Dok. halimunsalaka
Setelah berita Sendi Fardiansyah, selaku sekretaris pribadi Iriana Jokowi, yang niat jadi orang nomor satu kota Bogor itu memenuhi pemberitaan media, lantaran harus minta restu dulu Jokowi. Saya jadi inget kegiatan iseng saya ketika aksi di Balai Kota di awal bulan Februari ini.
Saat itu, ketika kami mau masuk pintu Balai Kota, kami di hadang oleh jejeran plokis yang dibantu Satpol PP dengan wajah garang. Saat Ibu-ibu pedagang pasar sedang orasi dan mengungkapkan kekecewaannya karena wali kotanya absent di tempat kerjanya, saya iseng nyeletuk ke teman sebalah saya — coba ya wali kota kita itu Gibran, pengen banget ngelihat dia gelagapan pas dicecer media dan ibu-ibu yang pada kritis itu secara langsung.

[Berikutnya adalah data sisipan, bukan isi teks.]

(* Let $L=10^6$, $\rho\le L^{-16}$, and let $\xi=(\xi_i)_{i\in\mathbb{Z}}$ be i.i.d. with $\mathbb{P}(\xi_i\ge n)=\rho^n$ for $n\in\{0,1,2,\dots\}$. With the labels $H_m$ defined below from $\xi$, let $p_k=\mathbb{P}[(k,0)\text{ is bad}]$. Then $p_k\le L^{-k/2}$ for every $k\ge0$.
   Context: Let $L_k=L^k$. For $k\ge0$ and $i\in\mathbb{Z}$ let $I_{(k,i)}=[iL_k,(i+1)L_k)\cap\mathbb{Z}$ and $M_k=\{k\}\times\mathbb{Z}$. For $m=(k+1,i)\in M_{k+1}$ let $\mathcal{Q}_m=\{(k,iL+j):0\le j\le L-1\}$. Define $H_m$ recursively: $H_{(0,i)}=\xi_i$; for $m\in M_{k+1}$, $H_m=0$ if every $m'\in\mathcal{Q}_m$ is good; $H_m=H_{m_1}-1$ if $m_1$ is the only bad element of $\mathcal{Q}_m$; $H_m=1+\sum_{i=1}^r H_{m_i}$ if $m_1,\dots,m_r$ with $r\ge2$ are the bad elements of $\mathcal{Q}_m$. Here $m$ is called good if $H_m=0$ and bad otherwise. *)

theory Defs
  imports "HOL-Probability.Probability"
begin

text \<open>Labels H_m for m = (k,i), computed from a configuration xi :: int => nat,
  with block size L (so L_k = L^k). The children of (k+1,i) are (k, i*L + j), 0 <= j <= L-1.\<close>

primrec Hlab :: "nat \<Rightarrow> nat \<Rightarrow> int \<Rightarrow> (int \<Rightarrow> nat) \<Rightarrow> int" where
  "Hlab L 0 i xi = int (xi i)"
| "Hlab L (Suc k) i xi =
     (let B = {j \<in> {0..<int L}. Hlab L k (i * int L + j) xi \<noteq> 0} in
      if B = {} then 0
      else if card B = 1 then Hlab L k (i * int L + the_elem B) xi - 1
      else 1 + (\<Sum>j\<in>B. Hlab L k (i * int L + j) xi))"

definition bad :: "nat \<Rightarrow> nat \<Rightarrow> int \<Rightarrow> (int \<Rightarrow> nat) \<Rightarrow> bool" where
  "bad L k i xi \<longleftrightarrow> Hlab L k i xi \<noteq> 0"

end

(*
  Take lam = L^3 and weigh a label h by w(h) = lam^h if h >= 1 and w(h) = 0 otherwise, so that
  w(H) >= 1 exactly at bad sites. If a single child is bad, H drops by one and the weight is divided
  by lam; if r >= 2 children are bad, w(H) = lam * (product of their weights). Hence
    w(H_(k+1,i)) <= (sum of the children's weights) / lam + lam * (sum over sets S of at least two
                    children of the product of their weights).
  Labels at one level are functions of disjoint blocks of xi, hence independent, so the bound
  e_k on E[w(H_(k,i))] satisfies e_(k+1) <= L e_k / lam + lam (L e_k)^2. The geometric tail of xi
  gives e_0 <= 2 lam rho <= L^-8, and then e_k <= L^-(k+8) by induction. Markov's inequality
  P(bad) <= E[w(H)] concludes, with much room to spare.
*)
theory Submission
  imports Defs
begin

(* block L k i is the interval I_(k,i) on which H_(k,i) depends; children L i indexes Q_(k+1,i). *)
definition block :: "nat \<Rightarrow> nat \<Rightarrow> int \<Rightarrow> int set" where
  "block L k i = {i * int L ^ k ..< (i + 1) * int L ^ k}"

definition children :: "nat \<Rightarrow> int \<Rightarrow> int set" where
  "children L i = {i * int L ..< i * int L + int L}"

lemma finite_children [simp]: "finite (children L i)"
  by (simp add: children_def)

lemma card_children [simp]: "card (children L i) = L"
  by (simp add: children_def)

lemma finite_block [simp]: "finite (block L k i)"
  by (simp add: block_def)

lemma block_subset_block_Suc:
  assumes "a \<in> children L i"
  shows "block L k a \<subseteq> block L (Suc k) i"
proof -
  define j where "j = a - i * int L"
  have j: "a = i * int L + j" "0 \<le> j" "j + 1 \<le> int L"
    using assms by (auto simp: children_def j_def)
  have "i * int L ^ Suc k \<le> a * int L ^ k"
    using j by (simp add: algebra_simps)
  moreover have "(a + 1) * int L ^ k \<le> (i + 1) * int L ^ Suc k"
    using j mult_right_mono[OF j(3), of "int L ^ k"] by (simp add: algebra_simps)
  ultimately show ?thesis
    by (auto simp: block_def)
qed

lemma disjoint_family_block:
  assumes "L > 0"
  shows "disjoint_family (block L k)"
proof -
  have "block L k a \<inter> block L k b = {}" if "a < b" for a b
  proof -
    have "(a + 1) * int L ^ k \<le> b * int L ^ k"
      using that assms by (intro mult_right_mono) auto
    then show ?thesis by (auto simp: block_def)
  qed
  then show ?thesis
    unfolding disjoint_family_on_def by (metis Int_commute linorder_neqE)
qed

Sekarang setelah ramai pemberitan Sendi yang ternyata adalah sespri-nya Iriana, dan seketika ngebet jadi wali kota, saya jadi merasa absurd dengan celetukan saya tersebut. Maksudnya lho-lho, kok Kota Bogor kebagian juga kena dinastinya.
Meritokrasi Mati Dihadapan Marriedtokrasi
Demokrasi memang terbuka untuk siapa saja tanpa terkecuali. Begitu juga dengan Kota Bogor, siapapun berhak untuk menyalonkan diri untuk jadi pemimpin. Tapi mari lihat tweet yang saya ketemukan ini:
Apa yang dicuitkan oleh @unamekyy tepat sasaran. Emang siapa yang kenal dengan Sendy? Andaipun ngeh, karena belakangan kita selalu dijegat oleh wajahnya di baliho-baliho. Dan ketika kita nginget namanya, itu untuk ngeperkuat rasa kesal kita pas ketemu balihonya: Mukanya Sendy lagi, Mukanya Sendy lagi.

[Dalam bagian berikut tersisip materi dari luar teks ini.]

definition hgt_consistent :: "'v set \<Rightarrow> ('v \<times> 'v) multiset \<Rightarrow> ('v \<Rightarrow> real) \<Rightarrow> bool" where
  "hgt_consistent V M t \<longleftrightarrow>
     (\<forall>u v. (u, v) \<in># M \<longrightarrow> t u \<le> t v \<and> (t u = t v \<longrightarrow> m_indeg M v = 2)) \<and>
     (\<forall>u\<in>V. m_outdeg M u \<ge> 1 \<longrightarrow> (\<exists>v. (u, v) \<in># M \<and> t u < t v)) \<and>
     (\<forall>r\<in>V. \<forall>u v. filter_mset (\<lambda>a. snd a = r) M = {#(u, r), (v, r)#} \<longrightarrow>
        ((t u = t r) \<noteq> (t v = t r)))"

definition admits_hgt_labelling :: "'v set \<Rightarrow> ('v \<times> 'v) multiset \<Rightarrow> bool" where
  "admits_hgt_labelling V M \<longleftrightarrow> hgt_graph V M \<and> (\<exists>t. hgt_consistent V M t)"

definition multigraph_network :: "'v set \<Rightarrow> 'v set \<Rightarrow> ('v \<times> 'v) multiset \<Rightarrow> bool" where
  "multigraph_network X V M \<longleftrightarrow> (\<forall>a. count M a \<le> 1) \<and> network X V (set_mset M)"

end

theory Submission
  imports Defs
begin

text \<open>An rSPR move removes the arcs (p,x), (x,c), (z,w) and adds (p,c), (z,x), (x,w), so every
  node keeps its in- and outdegree; the resulting graph can therefore fail to be a network only
  by containing a parallel arc or a directed cycle. An HGT-consistent labelling excludes both.
  Two parallel arcs into r would make r a node with two parents u, u for which condition (3)
  is contradictory. Along a directed cycle the labels are weakly increasing, hence constant; a
  node a of the cycle then has an incoming arc with equal labels, so it is a reticulation with
  outdegree at most 1, yet it has both the cycle arc leaving it (equal labels) and, by
  condition (2), an arc to a strictly larger label.\<close>

lemma m_indeg_eq_count: "m_indeg M v = count (image_mset snd M) v"
  unfolding m_indeg_def by (induction M) auto

lemma m_outdeg_eq_count: "m_outdeg M v = count (image_mset fst M) v"
  unfolding m_outdeg_def by (induction M) auto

Lagi pula coba kalian baca apa yang Sendy sendiri sampaikan ketika diwawancara Antara, sehabis bertemu dengan junjungannya — Joko Widodo, katanya:
“Tujuan saya menghadap adalah melaporkan beberapa hal, hasil survey terkait Pilkada Kota Bogor, laporan kegiatan yang saya dan tim lakukan selama 1 tahun ke belakang, laporan program yang akan dikerjakan dalam menghadapi Pikada.”

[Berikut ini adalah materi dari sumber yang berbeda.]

lemma fp_gt_two_thirds_preserved:
  assumes "fp a > 2/3"
  shows "fp b > 2/3"
proof -
  have "fp b - 2/3 > 0"
  proof (rule barrier_remains_positive[where u = "\<lambda>t. fp t - 2/3" and g = "\<lambda>t. (1/3 - \<alpha> t - fp t) / A t"])
    show "continuous_on {a..b} (\<lambda>t. (1/3 - \<alpha> t - fp t) / A t)"
      by (intro continuous_on_div_A continuous_intros cont_fp cont_\<alpha>)
    show "((\<lambda>t. fp t - 2/3) has_real_derivative
            (fp t * (1 - \<alpha> t - fp t) + \<alpha> t * (fm t)\<^sup>2) / A t) (at t)"
      if "t \<in> {a<..<b}" for t
      by (rule derivative_eq_intros deriv_fp[OF that] refl | simp)+
    fix t assume t: "t \<in> {a<..<b}"
    have "fp t * (1 - \<alpha> t - fp t) + \<alpha> t * (fm t)\<^sup>2
        = (1/3 - \<alpha> t - fp t) * (fp t - 2/3) + (2/3 * (1/3 - \<alpha> t) + \<alpha> t * (fm t)\<^sup>2)"
      by (simp add: field_simps power2_eq_square)
    moreover have "0 \<le> 2/3 * (1/3 - \<alpha> t) + \<alpha> t * (fm t)\<^sup>2"
      using \<alpha>_range[of t] t by simp
    ultimately have "(1/3 - \<alpha> t - fp t) * (fp t - 2/3) \<le> fp t * (1 - \<alpha> t - fp t) + \<alpha> t * (fm t)\<^sup>2"
      by (metis le_add_same_cancel1)
    then show "(1/3 - \<alpha> t - fp t) / A t * (fp t - 2/3)
        \<le> (fp t * (1 - \<alpha> t - fp t) + \<alpha> t * (fm t)\<^sup>2) / A t"
      by (rule div_A_mono[OF t])
  qed (use assms le cont_fp in \<open>auto intro!: continuous_on_diff\<close>)
  then show ?thesis by simp
qed

lemma R_infty_preserved:
  assumes "(fp a, fm a) \<in> R_infty"
  shows "(fp b, fm b) \<in> R_infty"
proof -
  have "fp b - 1 > 0 \<and> fm b - 1 > 0"
  proof (rule barrier_pair_remains_positive[where u = "\<lambda>t. fp t - 1" and v = "\<lambda>t. fm t - 1"
        and g = "\<lambda>t. - (fp t + \<alpha> t) / A t" and h = "\<lambda>t. 0"])
    show "continuous_on {a..b} (\<lambda>t. - (fp t + \<alpha> t) / A t)"
      by (intro continuous_on_div_A continuous_intros cont_fp cont_\<alpha>)
    show "((\<lambda>t. fp t - 1) has_real_derivative
            (fp t * (1 - \<alpha> t - fp t) + \<alpha> t * (fm t)\<^sup>2) / A t) (at t)"
      if "t \<in> {a<..<b}" for t
      by (rule derivative_eq_intros deriv_fp[OF that] refl | simp)+
    show "((\<lambda>t. fm t - 1) has_real_derivative 2 * fm t * (fp t - 1) / A t) (at t)"
      if "t \<in> {a<..<b}" for t
      by (rule derivative_eq_intros deriv_fm[OF that] refl | simp)+
    fix t assume t: "t \<in> {a<..<b}" and "fp t - 1 > 0" "fm t - 1 > 0"
    have "fp t * (1 - \<alpha> t - fp t) + \<alpha> t * (fm t)\<^sup>2
        = - (fp t + \<alpha> t) * (fp t - 1) + \<alpha> t * ((fm t)\<^sup>2 - 1)"
      by (simp add: field_simps power2_eq_square)
    moreover have "0 \<le> \<alpha> t * ((fm t)\<^sup>2 - 1)"
      using \<alpha>_range[of t] t \<open>fm t - 1 > 0\<close> by simp
    ultimately have "- (fp t + \<alpha> t) * (fp t - 1) \<le> fp t * (1 - \<alpha> t - fp t) + \<alpha> t * (fm t)\<^sup>2"
      by (metis le_add_same_cancel1)
    moreover have "0 \<le> 2 * fm t * (fp t - 1) / A t"
      using A_pos[of t] t \<open>fp t - 1 > 0\<close> \<open>fm t - 1 > 0\<close> by simp
    ultimately show "- (fp t + \<alpha> t) / A t * (fp t - 1)
          \<le> (fp t * (1 - \<alpha> t - fp t) + \<alpha> t * (fm t)\<^sup>2) / A t
        \<and> 0 * (fm t - 1) \<le> 2 * fm t * (fp t - 1) / A t"
      using div_A_mono[OF t] by simp
  qed (use assms le cont_fp cont_fm in \<open>auto simp: R_infty_def intro!: continuous_on_diff\<close>)
  then show ?thesis unfolding R_infty_def by simp
qed

lemma below_one_preserved:
  assumes "fm a > 0" "fp a < 1" "fm a < 1"
  shows "fp b < 1 \<and> fm b < 1"
proof -
  have "1 - fp b > 0 \<and> 1 - fm b > 0"
  proof (rule barrier_pair_remains_positive[where u = "\<lambda>t. 1 - fp t" and v = "\<lambda>t. 1 - fm t"
        and g = "\<lambda>t. - (fp t + \<alpha> t) / A t" and h = "\<lambda>t. 0"])
    show "continuous_on {a..b} (\<lambda>t. - (fp t + \<alpha> t) / A t)"
      by (intro continuous_on_div_A continuous_intros cont_fp cont_\<alpha>)
    show "((\<lambda>t. 1 - fp t) has_real_derivative
            - (fp t * (1 - \<alpha> t - fp t) + \<alpha> t * (fm t)\<^sup>2) / A t) (at t)"
      if "t \<in> {a<..<b}" for t
      by (rule derivative_eq_intros deriv_fp[OF that] refl | simp add: minus_divide_left)+
    show "((\<lambda>t. 1 - fm t) has_real_derivative - (2 * fm t * (fp t - 1) / A t)) (at t)"
      if "t \<in> {a<..<b}" for t
      by (rule derivative_eq_intros deriv_fm[OF that] refl | simp)+
    fix t assume t: "t \<in> {a<..<b}" and "1 - fp t > 0" "1 - fm t > 0"
    have "fm t > 0"
      using fm_positive[OF \<open>fm a > 0\<close>] t by simp
    have "- (fp t * (1 - \<alpha> t - fp t) + \<alpha> t * (fm t)\<^sup>2)
        = - (fp t + \<alpha> t) * (1 - fp t) + \<alpha> t * (1 - (fm t)\<^sup>2)"
      by (simp add: field_simps power2_eq_square)
    moreover have "0 \<le> \<alpha> t * (1 - (fm t)\<^sup>2)"
      using \<alpha>_range[of t] t \<open>fm t > 0\<close> \<open>1 - fm t > 0\<close> by (simp add: power_le_one)
    ultimately have "- (fp t + \<alpha> t) * (1 - fp t) \<le> - (fp t * (1 - \<alpha> t - fp t) + \<alpha> t * (fm t)\<^sup>2)"
      by (metis le_add_same_cancel1)
    moreover have "0 \<le> - (2 * fm t * (fp t - 1) / A t)"
      using A_pos[of t] t \<open>fm t > 0\<close> \<open>1 - fp t > 0\<close>
      by (simp add: divide_nonpos_pos mult_nonneg_nonpos)
    ultimately show "- (fp t + \<alpha> t) / A t * (1 - fp t)
          \<le> - (fp t * (1 - \<alpha> t - fp t) + \<alpha> t * (fm t)\<^sup>2) / A t
        \<and> 0 * (1 - fm t) \<le> - (2 * fm t * (fp t - 1) / A t)"
      using div_A_mono[OF t] by simp
  qed (use assms le cont_fp cont_fm in \<open>auto intro!: continuous_on_diff continuous_on_minus\<close>)
  then show ?thesis by simp
qed

lemma R_zero_preserved: "(fp a, fm a) \<in> R_zero \<Longrightarrow> (fp b, fm b) \<in> R_zero"
  unfolding R_zero_def using fp_gt_two_thirds_preserved fm_positive below_one_preserved le by auto

end

lemma coefA_pos: "r t > 1 \<Longrightarrow> coefA r t > 0"
  unfolding coefA_def by simp

lemma coefB_pos: "r t > 0 \<Longrightarrow> coefB r t > 0"
  unfolding coefB_def by simp

lemma coef_ratio_eq:
  assumes "r t > 1"
  shows "(coefA r t)\<^sup>2 / (coefB r t)\<^sup>2 = (1 - 1 / r t ^ 3) / 3"
proof -
  have "1 / r t ^ 3 \<le> 1" using assms by simp
  then have "(coefA r t)\<^sup>2 = (r t)\<^sup>2 / 9 * (1 - 1 / r t ^ 3)"
    unfolding coefA_def by (simp add: power_mult_distrib power_divide)
  moreover have "(coefB r t)\<^sup>2 = (r t)\<^sup>2 / 3"
    unfolding coefB_def by (simp add: power_divide)
  ultimately show ?thesis using assms by (simp only:) (simp add: field_simps)
qed

lemma coef_ratio_bounds:
  "r t > 1 \<Longrightarrow> 0 \<le> (coefA r t)\<^sup>2 / (coefB r t)\<^sup>2 \<and> (coefA r t)\<^sup>2 / (coefB r t)\<^sup>2 \<le> 1/3"
  by (simp add: coef_ratio_eq)

lemma instanton_rhs_eq:
  fixes x y A B :: real
  assumes "A \<noteq> 0"
  shows "x / A * (1 - A\<^sup>2 / B\<^sup>2 - x) + y\<^sup>2 * A / B\<^sup>2 = (x * (1 - A\<^sup>2 / B\<^sup>2 - x) + A\<^sup>2 / B\<^sup>2 * y\<^sup>2) / A"
  using assms by (simp add: field_simps power2_eq_square)

lemma instanton_solution_continuous:
  assumes "instanton_solution r I fp fm"
  shows "continuous_on I fp" "continuous_on I fm"
  using assms DERIV_continuous unfolding instanton_solution_def continuous_on_eq_continuous_within
  by blast+

context
  fixes r :: "real \<Rightarrow> real"
  assumes r_gt1: "\<forall>t>0. r t > 1"
    and cont_A: "continuous_on {0<..} (coefA r)"
    and cont_B: "continuous_on {0<..} (coefB r)"
begin

lemma instanton_arc_of_solution:
  assumes sol: "instanton_solution r I fp fm" and "t0 \<in> I" "t1 \<in> I" "t0 \<le> t1"
  shows "instanton_arc (coefA r) (\<lambda>t. (coefA r t)\<^sup>2 / (coefB r t)\<^sup>2) fp fm t0 t1"
proof -
  have "is_interval I" "I \<subseteq> {0<..}"
    and dfp: "\<And>t. t \<in> I \<Longrightarrow> (fp has_real_derivative
                 (fp t / coefA r t * (1 - (coefA r t)\<^sup>2 / (coefB r t)\<^sup>2 - fp t)
                  + (fm t)\<^sup>2 * coefA r t / (coefB r t)\<^sup>2)) (at t within I)"
    and dfm: "\<And>t. t \<in> I \<Longrightarrow> (fm has_real_derivative
                 (2 * fm t / coefA r t * (fp t - 1))) (at t within I)"
    using sol unfolding instanton_solution_def by auto
  have sub: "{t0..t1} \<subseteq> I"
    using \<open>is_interval I\<close> \<open>t0 \<in> I\<close> \<open>t1 \<in> I\<close> unfolding is_interval_1
    by (meson atLeastAtMost_iff subsetI)
  with \<open>I \<subseteq> {0<..}\<close> have pos: "{t0..t1} \<subseteq> {0<..}" by blast
  have r_gt1_Icc: "r t > 1" if "t \<in> {t0..t1}" for t
    using r_gt1 pos that by blast
  have "{t0<..<t1} \<subseteq> interior I"
    using interior_mono[OF sub] by simp
  then have at_eq: "at t within I = at t" if "t \<in> {t0<..<t1}" for t
    using that at_within_interior by blast
  show ?thesis
  proof
    have "coefB r t \<noteq> 0" if "t \<in> {t0..t1}" for t
      using coefB_pos[of r t] r_gt1_Icc[OF that] by simp
    then show "continuous_on {t0..t1} (\<lambda>t. (coefA r t)\<^sup>2 / (coefB r t)\<^sup>2)"
      by (intro continuous_intros continuous_on_subset[OF cont_A pos] continuous_on_subset[OF cont_B pos]) auto
    show "continuous_on {t0..t1} fp" "continuous_on {t0..t1} fm"
      by (metis continuous_on_subset instanton_solution_continuous sol sub)+
    fix t assume t: "t \<in> {t0<..<t1}"
    then have "t \<in> I" "coefA r t \<noteq> 0" using sub r_gt1_Icc[of t] coefA_pos[of r t] by auto
    show "(fp has_real_derivative (fp t * (1 - (coefA r t)\<^sup>2 / (coefB r t)\<^sup>2 - fp t)
            + (coefA r t)\<^sup>2 / (coefB r t)\<^sup>2 * (fm t)\<^sup>2) / coefA r t) (at t)"
      using dfp[OF \<open>t \<in> I\<close>] unfolding at_eq[OF t] instanton_rhs_eq[OF \<open>coefA r t \<noteq> 0\<close>] .
    show "(fm has_real_derivative 2 * fm t * (fp t - 1) / coefA r t) (at t)"
      using dfm[OF \<open>t \<in> I\<close>] at_eq[OF t] by simp
  qed (use \<open>t0 \<le> t1\<close> continuous_on_subset[OF cont_A pos] r_gt1_Icc coefA_pos coef_ratio_bounds in auto)
qed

Nah coba, lihatlah. Emang tak ada rekam jejak di Bogor dan doi baru pengen tahu asam garam kehidupan Kota Bogor baru satu tahun kebelakang. Parahnya, kesemuanya hanya untuk survey dan kebutuhan kampanye untuk di Pilkada mendatang. Tidak ada kepedulian. Tidak ada satupun mengenal secara detail suatu permasalahan. Tidak percaya? Silakan baca statement kelanjutannya, masih dalam wawancara yang sama. Begini, katanya:
“Alhamdulilah pertemuan berjalan lancar dan Bapak Presiden memberikan banyak masukan. Beliau juga meminta saya bekerja keras untuk meningkatkan popularitas dan elektabilitas. Alhamdulillah, beliau mendukung untuk terus maju.”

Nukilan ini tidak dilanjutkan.